A Performance Guide For Engineers - Part 2

In A Performance Guide For Engineers - Part 1, I talked about the importance of dealing with ambiguity and developing initiative and drives. I went in depth on the expectation of L3 and L4 engineers. Now we move on to the bucket of Senior Engineers (L5 and L6).

L5 is on the horizon.

Now you are a senior engineer at L5. You start to own medium to large projects. It may last 3-6 months in size. You will likely drive a small group of engineers to hit the goal, not just working on one-person projects. With more people involved, there is way more ambiguity. You have to understand your team, not just yourself. 

May Joe overcomplicate design? You might want to review his technical design. 

Does Lisa like to be optimistic about timelines? You probably should think about adding some padding before communicating the overall timeline out. 

At this stage, we expect you to unblock yourself successfully and unblock your team members. You proactively initiate a conversation with people from different functions and teams. You proactively mentor other engineers to make them better.

At this level (L5), initiative and drive are a must-have.

It’s not enough to complain that the PRD is not ready. Thus my timeline is delayed. So if you come to me with statements like this, my first question would be: what have you done to ensure PRD is on time? Have you engaged in conversation with your cross-functional partners to set the timeline expectations? Have you escalated when that convo doesn’t work? Have you attempted to fill in the gaps?

At this level (L5), we want to see early signs that you can drive business impact through smart engineering tradeoffs and business intuition. 

We often see engineers at this level asking a lot of why. And they treat product managers as peers and think critically about the engineering work slotted and the business goal. 

You are a peer to your product manager, not a report. 

We observe successful L5 engineers showing a lot of curiosity in their conversations, and they don’t take the PRD at face value.

“Why is this feature needed?” 

“This solution seems to be an overkill.” 

“Have you considered this option? It’s way less engineering work and can achieve the same result”. 

“How about we test some low tech hacks to quantify the opportunity before we invest heavily?” 

You are more than halfway there if you think about return (business impact) on investment (engineering weeks). This practice and intuition take a long time to develop. But from my experience, it’s the reason why some people grow from L5 -> L6 way faster than other people. 

Execution-wise, L5 engineers demonstrate the ability to operate in a “fire and forget” way. 

What is “operate in a fire and forget way”?

At L5, the engineer is involved way early in the project lifecycle and is a productive counterpart to PM/Design/DS/Research. If you are project lead and are not involved early, you should ask to be part of it.

The conversation between a manager and a senior engineer to “fire off a project” is likely: “Hi Brandon, we have a XXX project coming up. PM YYY is playing with the idea now. Could you go and figure it out?” After that, the engineering manager forgets about it. The senior engineer then takes the project into their own hands and drives it forward. Unless the engineer calls it out explicitly, we will assume the project is running swimmingly.

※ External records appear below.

lemma feasible_if_subsets_keep_Max:
  assumes "feasible n k p S" "1 \<le> k" "\<forall>i\<in>{1..k}. T i \<subseteq> S i \<and> Max (S i) \<in> T i"
  shows "feasible n k p T"
proof -
  have Max_eq: "Max (T i) = Max (S i)" if "i \<in> {1..k}" for i
  proof -
    have "finite (S i)" "T i \<subseteq> S i" "Max (S i) \<in> T i"
      using feasible_finite[OF assms(1) that] assms(3) that by auto
    then show ?thesis by (intro Max_eqI) (auto intro: finite_subset)
  qed
  show ?thesis
    unfolding feasible_def
  proof (intro conjI ballI impI)
    fix i assume "i \<in> {1..k}"
    then show "T i \<subseteq> {1..n}" "T i \<noteq> {}" using assms(3) feasible_subset[OF assms(1)] by blast+
  next
    fix i j assume "i \<in> {1..k}" "j \<in> {1..k}" "i \<noteq> j"
    then show "T i \<inter> T j = {}" using assms unfolding feasible_def by blast
  next
    show "Max (T 1) = p" using assms Max_eq[of 1] unfolding feasible_def by simp
  next
    fix i assume "i \<in> {2..k}"
    then show "p < Max (T i)" using assms Max_eq[of i] unfolding feasible_def by simp
  qed
qed

lemma feasible_replace_by_singletons:
  assumes "feasible n k p S" "1 \<notin> H" "inj_on g H" "g ` H \<subseteq> {p<..n}"
    and "\<forall>i\<in>H. \<forall>j\<in>{1..k} - H. g i \<notin> S j"
  shows "feasible n k p (\<lambda>i. if i \<in> H then {g i} else S i)"
  using assms unfolding feasible_def by (auto dest: inj_onD)
text \<open>An integer polynomial \<open>M\<close> whose reduction mod \<open>p\<close> generates the ideal of relations of
  \<open>\<eta>\<close>; it comes from expressing \<open>\<eta> ^ a\<close> in the basis \<open>1, \<eta>, \<dots>, \<eta> ^ (a - 1)\<close>.\<close>

lemma int_poly_presentation:
  fixes \<eta> :: "'a::{finite,field}"
  assumes p: "prime p" and card: "card (UNIV::'a set) = p ^ a"
    and inj: "inj_on (\<lambda>i. \<eta> ^ (p ^ i)) {..<a}"
  obtains M :: "int poly"
  where "degree M = a" "lead_coeff M = 1" "poly (map_poly of_int M) \<eta> = 0"
    "\<And>f. poly (map_poly of_int f) \<eta> = 0 \<Longrightarrow> \<exists>u r. f = M * u + r \<and> (\<forall>i. int p dvd coeff r i)"
proof -
  obtain n where n: "\<eta> ^ a = (\<Sum>i<a. of_nat (n i) * \<eta> ^ i)"
    using finite_field_power_basis[OF p card inj] by blast
  define M :: "int poly" where "M = monom 1 a - (\<Sum>i<a. monom (int (n i)) i)"
  have coeff_M: "coeff M i = (if i = a then 1 else 0) - (if i < a then int (n i) else 0)" for i
    by (simp add: M_def coeff_sum coeff_monom)
  have deg: "degree M = a"
  proof (rule antisym)
    show "degree M \<le> a"
      by (rule degree_le) (simp add: coeff_M)
    show "a \<le> degree M"
      by (rule le_degree) (simp add: coeff_M)
  qed
  then have lead: "lead_coeff M = 1"
    by (simp add: coeff_M)
  have root: "poly (map_poly of_int M) \<eta> = 0"
    by (simp add: M_def map_poly_of_int_diff map_poly_monom poly_monom
        poly_map_poly_of_int_monom_sum n)
  have "\<exists>u r. f = M * u + r \<and> (\<forall>i. int p dvd coeff r i)"
    if f: "poly (map_poly of_int f) \<eta> = 0" for f
  proof -
    obtain u r where "pseudo_divmod f M = (u, r)"
      by (cases "pseudo_divmod f M") auto
    moreover have "M \<noteq> 0"
      using lead by auto
    ultimately have "f = M * u + r" "r = 0 \<or> degree r < degree M"
      using pseudo_divmod[of M f u r] lead by simp_all
    then
    have fr: "f = M * u + r" and r: "r = 0 \<or> degree r < a"
      using deg by auto
    have "poly (map_poly of_int r) \<eta> = 0"
      using f root by (simp add: fr map_poly_of_int_add map_poly_of_int_mult)
    have "int p dvd coeff r i" for i
    proof (cases "r = 0 \<or> a \<le> i")
      case True
      then show ?thesis
        using r by (auto simp: coeff_eq_0)
    next
      case False
      then have "degree (map_poly of_int r :: 'a poly) < a"
        using r map_poly_degree_leq[of "of_int :: int \<Rightarrow> 'a" r] by linarith
      then have "(\<Sum>j<a. of_int (coeff r j) * \<eta> ^ j) = 0"
        using \<open>poly (map_poly of_int r) \<eta> = 0\<close> poly_eq_sum_lessThan[of _ a \<eta>]
        by (simp add: coeff_map_poly)
      then show ?thesis
        using frobenius_conjugates_independent_int[OF p CHAR_finite_field[OF p card] inj] False
        by simp
    qed
    then show ?thesis
      using fr by blast
  qed
  then show ?thesis
    using that deg lead root by blast
qed
lemma Mfun_U_ge_two_prime_powers:
  shows "Mfun n0 (U n) \<ge> ln (cmod ((a^n - b^n) / (a^(n div p^(t+1)) - b^(n div p^(t+1))))
                             * cmod ((a^(n div (p1 * p^(t+1))) - b^(n div (p1 * p^(t+1))))
                                     / (a^(n div p1) - b^(n div p1))))
                        - real (t+1) * ln (real (Pmax (n0 div gcd n0 3)))"
proof -
  define m where "m = n div p^(t+1)"
  define m' where "m' = n div (p1 * p^(t+1))"
  define n' where "n' = n div p1"
  have "p1 * p^(t+1) dvd n"
    using dvd_of_two_prime_powers_dvd[OF p p1(1) _ h] nd(1) n0(1) p1(2) by simp
  then have "n = m' * p1 * p^(t+1)"
    by (simp add: m'_def mult.assoc)
  then have quotients: "m = m' * p1" "n' = m' * p^(t+1)"
    using p p1 by (simp_all add: m_def n'_def prime_gt_0_nat)
  have "m' > 0"
    using \<open>n = m' * p1 * p^(t+1)\<close> \<open>n > 0\<close> by (cases m') auto
  then have "m > 0" "n' > 0"
    using p p1 by (simp_all add: quotients prime_gt_0_nat)
  have nonzero: "U n \<noteq> 0" "U m \<noteq> 0" "U m' \<noteq> 0" "U n' \<noteq> 0"
    using U_nonzero \<open>n > 0\<close> \<open>m > 0\<close> \<open>m' > 0\<close> \<open>n' > 0\<close> by simp_all
  have mult: "multiplicity q (U k * U l) = multiplicity q (U k) + multiplicity q (U l)"
    if "prime q" "U k \<noteq> 0" "U l \<noteq> 0" for q k l
    using that by (intro prime_elem_multiplicity_mult_distrib) auto
  define P0 where "P0 = (if p1 = 3 \<and> h1 = 1 then p else p1)"
  define x where "x = U n * U m'"
  define y where "y = U m * U n'"
  have "ln (cmod ((a^n - b^n) / (a^m - b^m)) * cmod ((a^m' - b^m') / (a^n' - b^n')))
          = ln \<bar>real_of_int x\<bar> - ln \<bar>real_of_int y\<bar>"
    using nonzero \<open>m > 0\<close> \<open>n' > 0\<close> by (simp add: x_def y_def cmod_U_ratio abs_mult ln_mult ln_div)
  also have "\<dots> \<le> Mfun n0 (U n) + real (t+1) * ln (real P0)"
  proof (rule ln_ratio_le_Mfun)
    show "x \<noteq> 0" "y \<noteq> 0" "U n \<noteq> 0" "P0 > 0"
      using nonzero p p1 by (simp_all add: x_def y_def P0_def prime_gt_0_nat)
  next
    fix q :: int assume "prime q"
    then have vx: "multiplicity q x = multiplicity q (U n) + multiplicity q (U m')"
      and vy: "multiplicity q y = multiplicity q (U m) + multiplicity q (U n')"
      unfolding x_def y_def using nonzero by (auto intro!: prime_elem_multiplicity_mult_distrib)
    have "multiplicity q (U m') \<le> multiplicity q (U m)"
      using U_dvd_U[of m' m] nonzero by (intro dvd_imp_multiplicity_le) (simp_all add: quotients)
    then show "int (multiplicity q x) - int (multiplicity q y) \<le> int (multiplicity q (U n))"
      by (simp add: vx vy)
    assume "\<not> cong_pm_one n0 q"
    then show "int (multiplicity q x) - int (multiplicity q y) \<le> (if q = int P0 then int (t+1) else 0)"
      using multiplicity_U_div_two_primes_le[OF \<open>prime q\<close>]
      by (simp add: vx vy P0_def m_def m'_def n'_def)
  qed
  finally show ?thesis
    using Pmax_two_prime_powers[OF p p1 h] by (simp add: n0(1) P0_def m_def m'_def n'_def)
qed
section \<open>The local contribution\<close>

lemma lifted_conjugate_in_Spin4:
  assumes fh: "fh \<in> SU11H" "eta fh = f" and gh: "gh \<in> SU11H" "eta gh = g"
    and ch: "ch \<in> SU11H" "eta ch = c" and fixed: "c *v (f *v (g *v e5)) = g *v e5"
  shows "eta_matrix (matrix_inv gh ** ch ** fh ** gh) = matrix_inv g ** c ** f ** g"
    "matrix_inv gh ** ch ** fh ** gh \<in> Spin4"
proof -
  have SU: "matrix_inv gh \<in> SU11H" "matrix_inv gh ** ch \<in> SU11H" "matrix_inv gh ** ch ** fh \<in> SU11H"
    using SU11H_matrix_inv(2)[OF gh(1)] by (simp_all add: SU11H_mult ch(1) fh(1))
  have lifts: "eta_matrix fh = f" "eta_matrix gh = g" "eta_matrix ch = c"
    using fh gh ch eta_eq_eta_matrix by auto
  show eta_conj: "eta_matrix (matrix_inv gh ** ch ** fh ** gh) = matrix_inv g ** c ** f ** g"
    using SU fh(1) gh(1) ch(1) SU11H_matrix_inv(2)[OF gh(1)]
    by (simp add: eta_matrix_mult eta_matrix_matrix_inv lifts)
  have "(matrix_inv g ** c ** f ** g) *v e5 = matrix_inv g *v (c *v (f *v (g *v e5)))"
    by (simp add: matrix_vector_mul_assoc matrix_mul_assoc)
  also have "\<dots> = e5"
    using SO41p_matrix_inv(2)[OF eta_matrix_in_SO41p[OF gh(1)]]
    unfolding fixed by (simp add: lifts(2) matrix_vector_mul_assoc)
  finally show "matrix_inv gh ** ch ** fh ** gh \<in> Spin4"
    using SU gh(1) Spin4_iff_fixes_e5 eta_conj by (simp add: SU11H_mult)
qed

At this level, communication is pushed instead of being pulled. Therefore, your EM should not need to ping you weekly for a progress update. Your PM should not be surprised when you make the tradeoff on timeline, scope, and quality. You thrive to send out weekly updates and capture meeting notes proactively. When sh*t happens, you yell as loud as possible and as early as possible so people are aware and can group up and make a decision. 

What about L6?

From my experience, most people choke at L5->L6 and seldomly L4->L5. That is why most companies consider L5 a terminal level you can stay on forever. It’s that way for a good reason: from L3 to L5, you practice almost the same skills, but at larger scales. So you answer this question: how can I do more, with higher quality, with more people at higher speed? However, reaching L6, you need a fundamental mindset shift. 

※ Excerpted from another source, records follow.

lemma nonleast_psubset:
  assumes w: "well_order_on UNIV w" and R: "equiv A R" and R': "equiv A R'" and "R \<subset> R'"
  shows "nonleast w R \<subset> nonleast w R'"
proof -
  interpret wo: wo_rel w
    using w well_order_on_Well_order by (auto simp: wo_rel_def)
  have Fw: "Field w = UNIV"
    using w well_order_on_Field by blast
  define least where "least a = wo.minim (R `` {a})" for a
  have least_in: "(a, least a) \<in> R" if "a \<in> A" for a
  proof -
    have "a \<in> R `` {a}"
      using R that by (auto elim: equivE dest: refl_onD)
    then show ?thesis
      unfolding least_def using wo.minim_in[of "R `` {a}"] Fw by auto
  qed
  have least_le: "(least a, z) \<in> w" if "(a, z) \<in> R" for a z
    unfolding least_def using that wo.minim_least[of "R `` {a}" z] Fw by auto
  have new: "least b \<in> nonleast w R' - nonleast w R"
    if ab: "(a, b) \<in> R'" "(a, b) \<notin> R" and "(least a, least b) \<in> w" for a b
  proof -
    have A: "a \<in> A" "b \<in> A"
      using ab(1) R' by (auto elim: equivE)
    have "(least a, a) \<in> R" "(b, least b) \<in> R"
      using least_in A R by (auto elim!: equivE dest: symD)
    moreover have "trans R'"
      using R' by (auto elim: equivE)
    ultimately have "(least a, least b) \<in> R'"
      using ab(1) \<open>R \<subset> R'\<close> by (blast dest: transD)
    moreover have "least a \<noteq> least b"
    proof
      assume "least a = least b"
      then have "(a, b) \<in> R"
        using \<open>(least a, a) \<in> R\<close> \<open>(b, least b) \<in> R\<close> R
        by (auto elim!: equivE dest: symD transD)
      then show False
        using ab(2) by blast
    qed
    ultimately have "least b \<in> nonleast w R'"
      using \<open>(least a, least b) \<in> w\<close> unfolding nonleast_def by blast
    moreover have "least b \<notin> nonleast w R"
    proof
      assume "least b \<in> nonleast w R"
      then obtain y where "(y, least b) \<in> R" "(y, least b) \<in> w" "y \<noteq> least b"
        unfolding nonleast_def by blast
      moreover have "(b, y) \<in> R"
        using \<open>(y, least b) \<in> R\<close> \<open>(b, least b) \<in> R\<close> R by (auto elim!: equivE dest: symD transD)
      ultimately show False
        using least_le[of b y] wo.ANTISYM by (auto dest: antisymD)
    qed
    ultimately show ?thesis
      by blast
  qed
  obtain a b where ab: "(a, b) \<in> R'" "(a, b) \<notin> R"
    using \<open>R \<subset> R'\<close> by auto
  then have ba: "(b, a) \<in> R'" "(b, a) \<notin> R"
    using R R' by (auto elim!: equivE dest: symD)
  have "(least a, least b) \<in> w \<or> (least b, least a) \<in> w"
    using wo.TOTALS Fw by blast
  then have "nonleast w R' - nonleast w R \<noteq> {}"
    using new[OF ab] new[OF ba] by blast
  then show ?thesis
    using nonleast_mono \<open>R \<subset> R'\<close> by blast
qed

lemma not_inj_Pow: "\<not> inj (f :: 'b set \<Rightarrow> 'b)"
  using Cantors_theorem[of UNIV] inj_imp_surj_inv by (metis Pow_UNIV)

L5 engineers focus on “doing the things right”, while L6 engineers focus on “doing the right things”. 

L6 is the first level that the majority of your performance hinges on delivering business impact.  Of course, every engineer is accountable for business impact. But at L6, excellent execution and communication are granted. The business impact you generate and enable through other people are the most crucial evaluation points. 

Business impact is always your north star. . 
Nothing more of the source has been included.